┌──
lemma band_excess_sat_outside_nonpos:
  assumes c: "0 < c" "c < m" and "c \<le> si" "\<bar>w\<bar> \<le> c"
  shows "band_excess c m xi * (w - sat si xi) \<le> 0"
proof -
  consider "0 < band_excess c m xi" | "band_excess c m xi < 0" | "band_excess c m xi = 0"
    by linarith
  then show ?thesis
  proof cases
    case 1
    then have "c \<le> sat si xi"
      using band_excess_pos_imp[OF c] sat_mono[of si c xi] sat_eq_self[of c si] assms by force
    then show ?thesis
      using 1 \<open>\<bar>w\<bar> \<le> c\<close> by (intro mult_nonneg_nonpos) auto
  next
    case 2
    then have "sat si xi \<le> - c"
      using band_excess_neg_imp[OF c] sat_mono[of si xi "- c"] sat_eq_self[of "- c" si] assms by force
    then show ?thesis
      using 2 \<open>\<bar>w\<bar> \<le> c\<close> by (intro mult_nonpos_nonneg) auto
  qed simp
qed

lemma symmetric_weighted_sum_nonpos:
  fixes A :: "'i \<Rightarrow> 'i \<Rightarrow> real"
  assumes "finite L"
    and A: "\<And>i j. i \<in> L \<Longrightarrow> j \<in> L \<Longrightarrow> A i j = A j i \<and> 0 \<le> A i j"
    and opposed: "\<And>i j. i \<in> L \<Longrightarrow> j \<in> L \<Longrightarrow> (g i - g j) * (h j - h i) \<le> 0"
  shows "(\<Sum>i\<in>L. g i * (\<Sum>j\<in>L. A i j * (h j - h i))) \<le> 0"
proof -
  let ?S = "\<Sum>i\<in>L. \<Sum>j\<in>L. A i j * g i * (h j - h i)"
  have "?S = (\<Sum>i\<in>L. \<Sum>j\<in>L. A i j * g j * (h i - h j))"
    using A by (subst sum.swap) (auto intro!: sum.cong)
  then have "2 * ?S = (\<Sum>i\<in>L. \<Sum>j\<in>L. A i j * g i * (h j - h i) + A i j * g j * (h i - h j))"
    by (simp add: sum.distrib)
  also have "\<dots> = (\<Sum>i\<in>L. \<Sum>j\<in>L. A i j * ((g i - g j) * (h j - h i)))"
    by (intro sum.cong refl) (simp add: algebra_simps)
  also have "\<dots> \<le> 0"
    using A opposed by (intro sum_nonpos mult_nonneg_nonpos[OF _ opposed]) auto
  finally have "?S \<le> 0" by simp
  moreover have "(\<Sum>i\<in>L. g i * (\<Sum>j\<in>L. A i j * (h j - h i))) = ?S"
    by (simp add: sum_distrib_left mult.assoc mult.left_commute)
  ultimately show ?thesis by simp
qed

lemma band_dissipation_of_fast_agents:
  fixes X s :: "nat \<Rightarrow> real" and A :: "nat \<Rightarrow> nat \<Rightarrow> real"
  assumes "finite L" "finite E" "L \<inter> E = {}" and c: "0 < c" "c < m"
    and fast: "\<And>i. i \<in> L \<Longrightarrow> m < s i"
    and slow: "\<And>j. j \<in> E \<Longrightarrow> \<bar>sat (s j) (X j)\<bar> \<le> c"
    and A: "\<And>i j. i \<in> L \<union> E \<Longrightarrow> j \<in> L \<union> E \<Longrightarrow> A i j = A j i \<and> 0 \<le> A i j"
  shows "(\<Sum>i\<in>L. band_excess c m (X i) *
            (\<Sum>j\<in>L \<union> E. A i j * (sat (s j) (X j) - sat (s i) (X i)))) \<le> 0"
proof -
  let ?D = "\<lambda>i. band_excess c m (X i)" and ?S = "\<lambda>i. sat (s i) (X i)"
  have "(\<Sum>i\<in>L. ?D i * (\<Sum>j\<in>L \<union> E. A i j * (?S j - ?S i)))
      = (\<Sum>i\<in>L. ?D i * (\<Sum>j\<in>L. A i j * (?S j - ?S i)))
        + (\<Sum>i\<in>L. \<Sum>j\<in>E. A i j * (?D i * (?S j - ?S i)))"
    using assms(1-3)
    by (simp add: sum.union_disjoint sum.distrib[symmetric] sum_distrib_left algebra_simps)
  also have "\<dots> \<le> 0 + 0"
  proof (intro add_mono)
    show "(\<Sum>i\<in>L. ?D i * (\<Sum>j\<in>L. A i j * (?S j - ?S i))) \<le> 0"
      using A fast c by (intro symmetric_weighted_sum_nonpos \<open>finite L\<close> band_excess_sat_pair_nonpos) auto
    show "(\<Sum>i\<in>L. \<Sum>j\<in>E. A i j * (?D i * (?S j - ?S i))) \<le> 0"
    proof (intro sum_nonpos)
      fix i j assume "i \<in> L" "j \<in> E"
      then show "A i j * (?D i * (?S j - ?S i)) \<le> 0"
        using A fast[of i] slow[of j] c
        by (intro mult_nonneg_nonpos[OF _ band_excess_sat_outside_nonpos]) auto
    qed
  qed
  finally show ?thesis by simp
qed

lemma exists_between_finite:
  fixes s :: "'i \<Rightarrow> real"
  assumes "finite L" "\<And>i. i \<in> L \<Longrightarrow> c < s i"
  obtains m where "c < m" "\<And>i. i \<in> L \<Longrightarrow> m < s i"
proof -
  define \<mu> where "\<mu> = Min (insert (c + 1) (s ` L))"
  have "c < \<mu>" "\<And>i. i \<in> L \<Longrightarrow> \<mu> \<le> s i"
    using assms by (auto simp: \<mu>_def)
  then show ?thesis
    using that[of "(c + \<mu>) / 2"] by fastforce
qed

lemma carath_solution_indefinite_integral:
  assumes "carath_solution N s \<alpha> t0 x" "i \<in> {1..N}"
  shows "indefinite_integral_on (rhs N s \<alpha> x i) (x i) {t0..}"
  unfolding indefinite_integral_on_def
proof (intro ballI impI conjI)
  fix u v assume "u \<in> {t0..}" "v \<in> {t0..}" "u \<le> v"
  have sol: "rhs N s \<alpha> x i absolutely_integrable_on {t0..t}"
    "x i t = x i t0 + integral {t0..t} (rhs N s \<alpha> x i)" if "t0 \<le> t" for t
    using assms that unfolding carath_solution_def by blast+
  show "rhs N s \<alpha> x i absolutely_integrable_on {u..v}"
    using \<open>u \<in> {t0..}\<close> \<open>v \<in> {t0..}\<close>
    by (intro absolutely_integrable_on_subinterval[OF sol(1)[of v]]) auto
  have "integral {t0..u} (rhs N s \<alpha> x i) + integral {u..v} (rhs N s \<alpha> x i)
      = integral {t0..v} (rhs N s \<alpha> x i)"
    using \<open>u \<in> {t0..}\<close> \<open>u \<le> v\<close> sol(1)[of v]
    by (intro Henstock_Kurzweil_Integration.integral_combine) (auto simp: absolutely_integrable_on_def)
  then show "x i v - x i u = integral {u..v} (rhs N s \<alpha> x i)"
    using sol(2)[of u] sol(2)[of v] \<open>u \<in> {t0..}\<close> \<open>u \<le> v\<close> by simp
qed

locale saturated_network =
  fixes N :: nat and s :: "nat \<Rightarrow> real" and \<alpha> :: "nat \<Rightarrow> nat \<Rightarrow> real \<Rightarrow> real"
    and x :: "nat \<Rightarrow> real \<Rightarrow> real" and a :: real
  assumes levels_decreasing: "\<And>i j. i \<in> {1..N} \<Longrightarrow> j \<in> {1..N} \<Longrightarrow> i < j \<Longrightarrow> s j < s i"
    and last_level_pos: "0 < s N"
    and weights: "\<And>i j t. i \<in> {1..N} \<Longrightarrow> j \<in> {1..N} \<Longrightarrow> a \<le> t \<Longrightarrow> \<alpha> i j t = \<alpha> j i t \<and> 0 \<le> \<alpha> i j t"
    and solution: "\<And>i. i \<in> {1..N} \<Longrightarrow> indefinite_integral_on (rhs N s \<alpha> x i) (x i) {a..}"
begin

lemma level_antimono: "i \<in> {1..N} \<Longrightarrow> j \<in> {1..N} \<Longrightarrow> i \<le> j \<Longrightarrow> s j \<le> s i"
  using levels_decreasing[of i j] by (cases "i = j") auto

lemma level_pos: "j \<in> {1..N} \<Longrightarrow> 0 < s j"
  using level_antimono[of j N] last_level_pos by auto

lemma solution_on_interval: "i \<in> {1..N} \<Longrightarrow> indefinite_integral_on (rhs N s \<alpha> x i) (x i) {a..t}"
  using solution by (rule indefinite_integral_on_subset) auto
└──
What the task requires: Please copy out every line in the listing that has the string "slow".

Written response:
    and slow: "\<And>j. j \<in> E \<Longrightarrow> \<bar>sat (s j) (X j)\<bar> \<le> c"
        using A fast[of i] slow[of j] c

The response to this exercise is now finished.